Managing bot sessions
This is quick hat tip and public thanks to Ben Nadel and David Boyer. At work we run our own servers and have issues with bots hitting sites and creating huge amounts of sessions which then sit there for quite a while doing nothing, but using up RAM.
A while ago I started blacklisting known bots and setting them to have a sessiontimeout of 1 second. So although a session was being created for each request that the bot made (as bots don't support cookies a new session is created per request) it quickly expired. This works well, although it means that you need to update the list as new bots and crawlers are identified.

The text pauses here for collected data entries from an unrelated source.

text \<open>Conjugating a power of \<open>T\<^sup>-\<^sup>2 L\<^sup>-\<^sup>p T\<^sup>2\<close> by a lower shear \<open>L\<^sup>c\<close> with
  \<open>2 c \<equiv> 1 (mod 3\<^sup>e)\<close> gives a matrix congruent to an upper shear.\<close>
lemma shear_up_cofactor_in_cong_hull:
  assumes k: "k = 3^e * M"
  shows "shear_up (4*p*M) \<in> cong_hull"
proof -
  have "coprime p 3"
    using prime_imp_coprime[of 3 p] not_3_dvd_p by (simp add: coprime_commute)
  then have "coprime (2*p) (3^e)"
    by simp
  then obtain j where "[2*p*j = 1] (mod 3^e)"
    using cong_solve_coprime_int by blast
  then obtain q where q: "2*(p*j) - 1 = 3^e * q"
    by (metis cong_iff_dvd_diff dvd_def mult.assoc)
  let ?c = "p * j"
  have c: "2*?c - 1 = 3^e * q"
    using q by simp
  have "shear_low ?c \<in> cong_hull" "shear_low (-?c) \<in> cong_hull"
    using shear_low_multiple_of_p[of j] shear_low_multiple_of_p[of "-j"] by simp_all
  moreover have "parabolic (-2) (-4) 1 (M * -p) \<in> cong_hull"
    using parabolic_exps_mult[of "-2" "-4" 1 "-p" M] minus_p_in_parabolic_exps
    by (simp add: parabolic_exps_def)
  ultimately have "shear_low ?c ** parabolic (-2) (-4) 1 (M * -p) ** shear_low (-?c) \<in> cong_hull"
    by (intro cong_hull_mult)
  also have "shear_low ?c ** parabolic (-2) (-4) 1 (M * -p) ** shear_low (-?c)
      = parabolic (2 * (2*?c - 1)) (-4) ((2*?c - 1)^2) (M * -p)"
    unfolding shear_low_conj_parabolic by (simp add: algebra_simps power2_eq_square)
  finally have hull: "parabolic (2 * (2*?c - 1)) (-4) ((2*?c - 1)^2) (M * -p) \<in> cong_hull" .
  have "mat_cong k (parabolic (2 * (2*?c - 1)) (-4) ((2*?c - 1)^2) (M * -p)) (shear_up (M * -p * -4))"
  proof (rule parabolic_cong_shear_up)
    show "k dvd M * -p * (2 * (2*?c - 1))"
      unfolding c k by (rule dvdI[of _ _ "-2 * p * q"]) (simp add: algebra_simps)
    show "k dvd M * -p * (2*?c - 1)^2"
      unfolding c k by (rule dvdI[of _ _ "-p * q * 3^e * q"]) (simp add: algebra_simps power2_eq_square)
  qed
  then show ?thesis
    using cong_hull_cong[OF hull] by (simp add: ac_simps)
qed
(* Assume the standing assumptions below, and let $\Delta>0$ be a constant such that for every $N\in 2h^\star\mathbb N$ and every state $\underline\sigma\in\{\pm1\}^{\Lambda_N}$ whose block array is not $(h^\star,\ldots,h^\star)$ one has $E_N(\underline\sigma)-Ne(h^\star)>\Delta$ (such a $\Delta$, independent of $N$, exists by the energy-gap result of Giuliani–Lebowitz–Lieb). Then for every $N\in\mathbb N$ and every state $\underline\sigma\in\{\pm1\}^{\Lambda_N}$ whose block array is not $(h^\star,\ldots,h^\star)$, $$F_N(\underline\sigma)\ge \tilde\Delta:=\frac{\Delta}{2h^\star}.$$ In particular, if $N$ is not a multiple of $2h^\star$, then $F_N(\underline\sigma)\ge\tilde\Delta$ for every $\underline\sigma\in\{\pm1\}^{\Lambda_N}$.
   Context: Fix $p>1$ and $J>0$. For $N\in\mathbb N$ let $\Lambda_N=\mathbb Z/N\mathbb Z$; a state is $\underline\sigma\in\{\pm1\}^{\Lambda_N}$, identified with its $N$-periodic extension to $\mathbb Z$ (so it can also be regarded as a state in $\{\pm1\}^{\Lambda_{MN}}$ for any $M\in\mathbb N$). The energy is $$E_N(\underline\sigma)=-J\sum_{i\in\Lambda_N}\sigma_i\sigma_{i+1}+\sum_{i=1}^N\sum_{j\in\mathbb Z,\,j\neq i}\frac{\sigma_i\sigma_j}{|i-j|^p} =-J\sum_{i\in\Lambda_N}\sigma_i\sigma_{i+1}+\sum_{i,j\in\Lambda_N,\,i\neq j}\sum_{n\in\mathbb Z}\frac{\sigma_i\sigma_j}{|i-j+nN|^p}+\frac{2}{N^{p-1}}\sum_{n\ge1}\frac1{n^p}.$$ Block arrays: up to a translation (which does not change the energy), every state is described by the cyclic array $(h_1,\ldots,h_M)$ of lengths of its maximal runs of consecutive equal spins (cyclically), consecutive blocks having opposite signs, $h_1+\cdots+h_M=N$ ($M$ even if $M>1$); we write $E_N(h_1,\ldots,h_M)$ for the energy of such a state. For $h\in\mathbb N$, $e(h)=E_{2h}(h,h)/(2h)$ is the $h$-periodic energy per site. Standing assumptions: either $1<p\le2$, or $p>2$ and $J<J_p:=\frac1{\Gamma(p)}\int_0^\infty\frac{\alpha^{p-1}e^{-\alpha}}{(1-e^{-\alpha})^2}d\alpha$; and $e$ has a unique minimizer $h^\star$ on $\mathbb N$. The renormalized energy is $F_N(\underline\sigma)=E_N(\underline\sigma)-Ne(h^\star)$. *)

theory Defs
  imports "HOL-Analysis.Analysis"
begin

In Ben's Scotch on the Rocks presentation he showed a really simple technique for coping with this scenario by making the sessiontimeout setting in Application.cfc conditional on the existance of a cookie. Here it is:
this.sessionmanagement = true;
if ( IsDefined( "cookie.cfid" ) )
{
// client has the cfid so accepts cookies
this.sessiontimeout = CreateTimeSpan( 0, 1, 0, 0 );
}
else
{
// client doesn't have the cfid cookie, so 1st request or a bot
this.sessiontimeout = CreateTimeSpan( 0, 0, 0, 1 );
}
This is simple, elegant and effective! If you use J2EE sessions then you need to modify this but the theory is the same. An even better solution is to not enable sessionmanagement until it is required, which is great for new sites, but for legacy code the above works well. Ben's slides from his presentation are here: http://www.bennadel.com/blog/1933-Mastering-The-ColdFusion-Application-Framework.htm
David Boyer has released a really useful extension for the ColdFusion CFIDE called cftracker, which lets you view lots of information about the memory scopes for applications and sessions. As developers we tend to be pretty busy, so by using cftracker I've been able to spot which sites have been using the most sessions and applying Ben's technique to them first. Another useful feature of cftracker is that it lets you kill sessions for a specific IP address. This is really useful when you see that a bot has created 500 odd sessions!
So thanks to these two guys the servers are looking much more healthy!
- Posted in:
- ColdFusion
- Resources


Nice to hear that CfTracker is actually useful in tracking down these sorts of problems.
Oh BTW you've got a typo with my last name in the final paragraph about cftracker.
Comment by David Boyer – June 22, 2010
Comment by John Whish – June 22, 2010
I may be slow to realize that.
Comment by Aaron Greenlee – June 22, 2010
That might be a good question about being thread safe. From what I can tell with my CFTracker application, an instance of the application and its settings are stored in memory. Which makes me think that the settings probably behave like the application scope itself, which means there would be a small chance that a session could pick up the wrong session...
I'm going to have to try this out now ;)
Comment by David Boyer – June 22, 2010
Of course if you call onApplicationStart yourself for example your onRequestStart method may call onApplicationStart() to restart your application) then it will no longer be thread safe.
Comment by John Whish – June 22, 2010
Thread safety is an interesting question. A new instance of Application.cfc gets created for every single ColdFusion request within a given application. From what I have experimented with, any event that can be triggered based on a given request (ie. app start, session start, request start, request, etc) use the Application.cfc instance created in that page. Events NOT tied to a given request (ie. app stop, session stop) use the Application.cfc that gets cached (as @David alluded to).
That said, when it comes to thread-safety, I suppose it depends on what you mean and what areas of the memory you are going to interact with.